Prompt – Every entry should be copied exactly, with nothing added or dropped.

Excerpts from a dataset –
# # # # #

lemma is_norm_le_sum_axis:
  fixes N :: "real ^ 'n::finite \<Rightarrow> real"
  assumes N: "is_norm N"
  shows "N x \<le> (\<Sum>i\<in>UNIV. \<bar>x $ i\<bar> * N (axis i 1))"
proof -
  have "N x = N (\<Sum>i\<in>UNIV. (x $ i) *\<^sub>R axis i 1)"
    using basis_expansion[of x] by (simp add: scalar_mult_eq_scaleR)
  also have "\<dots> \<le> (\<Sum>i\<in>UNIV. N ((x $ i) *\<^sub>R axis i 1))"
    by (rule is_norm_sum_le[OF N]) simp
  also have "\<dots> = (\<Sum>i\<in>UNIV. \<bar>x $ i\<bar> * N (axis i 1))"
    using N by (simp add: is_norm_def)
  finally show ?thesis .
qed

lemma is_norm_lipschitz:
  fixes N :: "real ^ 'n::finite \<Rightarrow> real"
  assumes N: "is_norm N"
  shows "(\<Sum>i\<in>UNIV. N (axis i 1))-lipschitz_on UNIV N"
proof (rule lipschitz_onI)
  let ?K = "\<Sum>i\<in>UNIV. N (axis i 1)"
  show "0 \<le> ?K"
    using N by (simp add: is_norm_def sum_nonneg)
  fix x y :: "real ^ 'n"
  have "N x \<le> N y + N (x - y)" and "N y \<le> N x + N (y - x)"
    using N unfolding is_norm_def by (metis add.commute diff_add_cancel)+
  then have "dist (N x) (N y) \<le> N (x - y)"
    using is_norm_minus_commute[OF N, of x y] by (simp add: dist_real_def abs_le_iff)
  also have "\<dots> \<le> (\<Sum>i\<in>UNIV. \<bar>(x - y) $ i\<bar> * N (axis i 1))"
    by (rule is_norm_le_sum_axis[OF N])
  also have "\<dots> \<le> (\<Sum>i\<in>UNIV. dist x y * N (axis i 1))"
    by (intro sum_mono mult_right_mono)
       (use N component_le_norm_cart[of "x - y"] in \<open>auto simp: is_norm_def dist_norm\<close>)
  finally show "dist (N x) (N y) \<le> ?K * dist x y"
    by (simp add: sum_distrib_left mult.commute)
qed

# # # # #

Answer to this task –
lemma is_norm_le_sum_axis:
  fixes N :: "real ^ 'n::finite \<Rightarrow> real"
  assumes N: "is_norm N"
  shows "N x \<le> (\<Sum>i\<in>UNIV. \<bar>x $ i\<bar> * N (axis i 1))"
proof -
  have "N x = N (\<Sum>i\<in>UNIV. (x $ i) *\<^sub>R axis i 1)"
    using basis_expansion[of x] by (simp add: scalar_mult_eq_scaleR)
  also have "\<dots> \<le> (\<Sum>i\<in>UNIV. N ((x $ i) *\<^sub>R axis i 1))"
    by (rule is_norm_sum_le[OF N]) simp
  also have "\<dots> = (\<Sum>i\<in>UNIV. \<bar>x $ i\<bar> * N (axis i 1))"
    using N by (simp add: is_norm_def)
  finally show ?thesis .
qed

lemma is_norm_lipschitz:
  fixes N :: "real ^ 'n::finite \<Rightarrow> real"
  assumes N: "is_norm N"
  shows "(\<Sum>i\<in>UNIV. N (axis i 1))-lipschitz_on UNIV N"
proof (rule lipschitz_onI)
  let ?K = "\<Sum>i\<in>UNIV. N (axis i 1)"
  show "0 \<le> ?K"
    using N by (simp add: is_norm_def sum_nonneg)
  fix x y :: "real ^ 'n"
  have "N x \<le> N y + N (x - y)" and "N y \<le> N x + N (y - x)"
    using N unfolding is_norm_def by (metis add.commute diff_add_cancel)+
  then have "dist (N x) (N y) \<le> N (x - y)"
    using is_norm_minus_commute[OF N, of x y] by (simp add: dist_real_def abs_le_iff)
  also have "\<dots> \<le> (\<Sum>i\<in>UNIV. \<bar>(x - y) $ i\<bar> * N (axis i 1))"
    by (rule is_norm_le_sum_axis[OF N])
  also have "\<dots> \<le> (\<Sum>i\<in>UNIV. dist x y * N (axis i 1))"
    by (intro sum_mono mult_right_mono)
       (use N component_le_norm_cart[of "x - y"] in \<open>auto simp: is_norm_def dist_norm\<close>)
  finally show "dist (N x) (N y) \<le> ?K * dist x y"
    by (simp add: sum_distrib_left mult.commute)
qed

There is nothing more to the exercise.